┌──

theorem theorem3:
  shows "\<forall>\<epsilon>::real. \<epsilon> > 0 \<longrightarrow> (\<exists>\<eta>::real. \<eta> > 0 \<and> (\<exists>N::nat. \<forall>n\<ge>N.
      \<forall>(V::nat set) (E::nat set set).
        uniform4 V E \<and> card V = n \<and> \<not> contains_C3 E \<and>
        real (card E) > real (b n) - \<eta> * real n ^ 4 \<longrightarrow>
        (\<exists>V1 V2. V1 \<union> V2 = V \<and> V1 \<inter> V2 = {} \<and>
           real (card {S. S \<subseteq> V \<and> card S = 4 \<and> \<not> correct4 V1 V2 E S}) \<le> \<epsilon> * real n ^ 4)))"
proof (intro allI impI)
  fix \<epsilon> :: real assume "\<epsilon> > 0"
  show "\<exists>\<eta>>0. \<exists>N. \<forall>n\<ge>N. \<forall>V E. uniform4 V E \<and> card V = n \<and> \<not> contains_C3 E \<and>
      real (card E) > real (b n) - \<eta> * real n ^ 4 \<longrightarrow> (\<exists>V1 V2. V1 \<union> V2 = V \<and> V1 \<inter> V2 = {} \<and>
      real (card {S. S \<subseteq> V \<and> card S = 4 \<and> \<not> correct4 V1 V2 E S}) \<le> \<epsilon> * real n ^ 4)"
  proof (intro exI[of _ "\<epsilon> / 1872"] conjI exI[of _ "nat \<lceil>234 / \<epsilon>\<rceil>"] allI impI)
    show "\<epsilon> / 1872 > 0" using \<open>\<epsilon> > 0\<close> by simp
    fix n V E
    assume "nat \<lceil>234 / \<epsilon>\<rceil> \<le> n" and "uniform4 V E \<and> card V = n \<and> \<not> contains_C3 E \<and>
      real (card E) > real (b n) - \<epsilon> / 1872 * real n ^ 4"
    moreover have "234 / \<epsilon> \<le> real (nat \<lceil>234 / \<epsilon>\<rceil>)" by (rule real_nat_ceiling_ge)
    ultimately show "\<exists>V1 V2. V1 \<union> V2 = V \<and> V1 \<inter> V2 = {} \<and>
        real (card {S. S \<subseteq> V \<and> card S = 4 \<and> \<not> correct4 V1 V2 E S}) \<le> \<epsilon> * real n ^ 4"
      using ex_partition_few_incorrect_if_near_extremal[OF _ _ \<open>\<epsilon> > 0\<close>, of V E] by auto
  qed
qed

end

└──

[Goal of the exercise]
Repeat all the material exactly as it stands.

[Answer area]
theorem theorem3:
  shows "\<forall>\<epsilon>::real. \<epsilon> > 0 \<longrightarrow> (\<exists>\<eta>::real. \<eta> > 0 \<and> (\<exists>N::nat. \<forall>n\<ge>N.
      \<forall>(V::nat set) (E::nat set set).
        uniform4 V E \<and> card V = n \<and> \<not> contains_C3 E \<and>
        real (card E) > real (b n) - \<eta> * real n ^ 4 \<longrightarrow>
        (\<exists>V1 V2. V1 \<union> V2 = V \<and> V1 \<inter> V2 = {} \<and>
           real (card {S. S \<subseteq> V \<and> card S = 4 \<and> \<not> correct4 V1 V2 E S}) \<le> \<epsilon> * real n ^ 4)))"
proof (intro allI impI)
  fix \<epsilon> :: real assume "\<epsilon> > 0"
  show "\<exists>\<eta>>0. \<exists>N. \<forall>n\<ge>N. \<forall>V E. uniform4 V E \<and> card V = n \<and> \<not> contains_C3 E \<and>
      real (card E) > real (b n) - \<eta> * real n ^ 4 \<longrightarrow> (\<exists>V1 V2. V1 \<union> V2 = V \<and> V1 \<inter> V2 = {} \<and>
      real (card {S. S \<subseteq> V \<and> card S = 4 \<and> \<not> correct4 V1 V2 E S}) \<le> \<epsilon> * real n ^ 4)"
  proof (intro exI[of _ "\<epsilon> / 1872"] conjI exI[of _ "nat \<lceil>234 / \<epsilon>\<rceil>"] allI impI)
    show "\<epsilon> / 1872 > 0" using \<open>\<epsilon> > 0\<close> by simp
    fix n V E
    assume "nat \<lceil>234 / \<epsilon>\<rceil> \<le> n" and "uniform4 V E \<and> card V = n \<and> \<not> contains_C3 E \<and>
      real (card E) > real (b n) - \<epsilon> / 1872 * real n ^ 4"
    moreover have "234 / \<epsilon> \<le> real (nat \<lceil>234 / \<epsilon>\<rceil>)" by (rule real_nat_ceiling_ge)
    ultimately show "\<exists>V1 V2. V1 \<union> V2 = V \<and> V1 \<inter> V2 = {} \<and>
        real (card {S. S \<subseteq> V \<and> card S = 4 \<and> \<not> correct4 V1 V2 E S}) \<le> \<epsilon> * real n ^ 4"
      using ex_partition_few_incorrect_if_near_extremal[OF _ _ \<open>\<epsilon> > 0\<close>, of V E] by auto
  qed
qed

end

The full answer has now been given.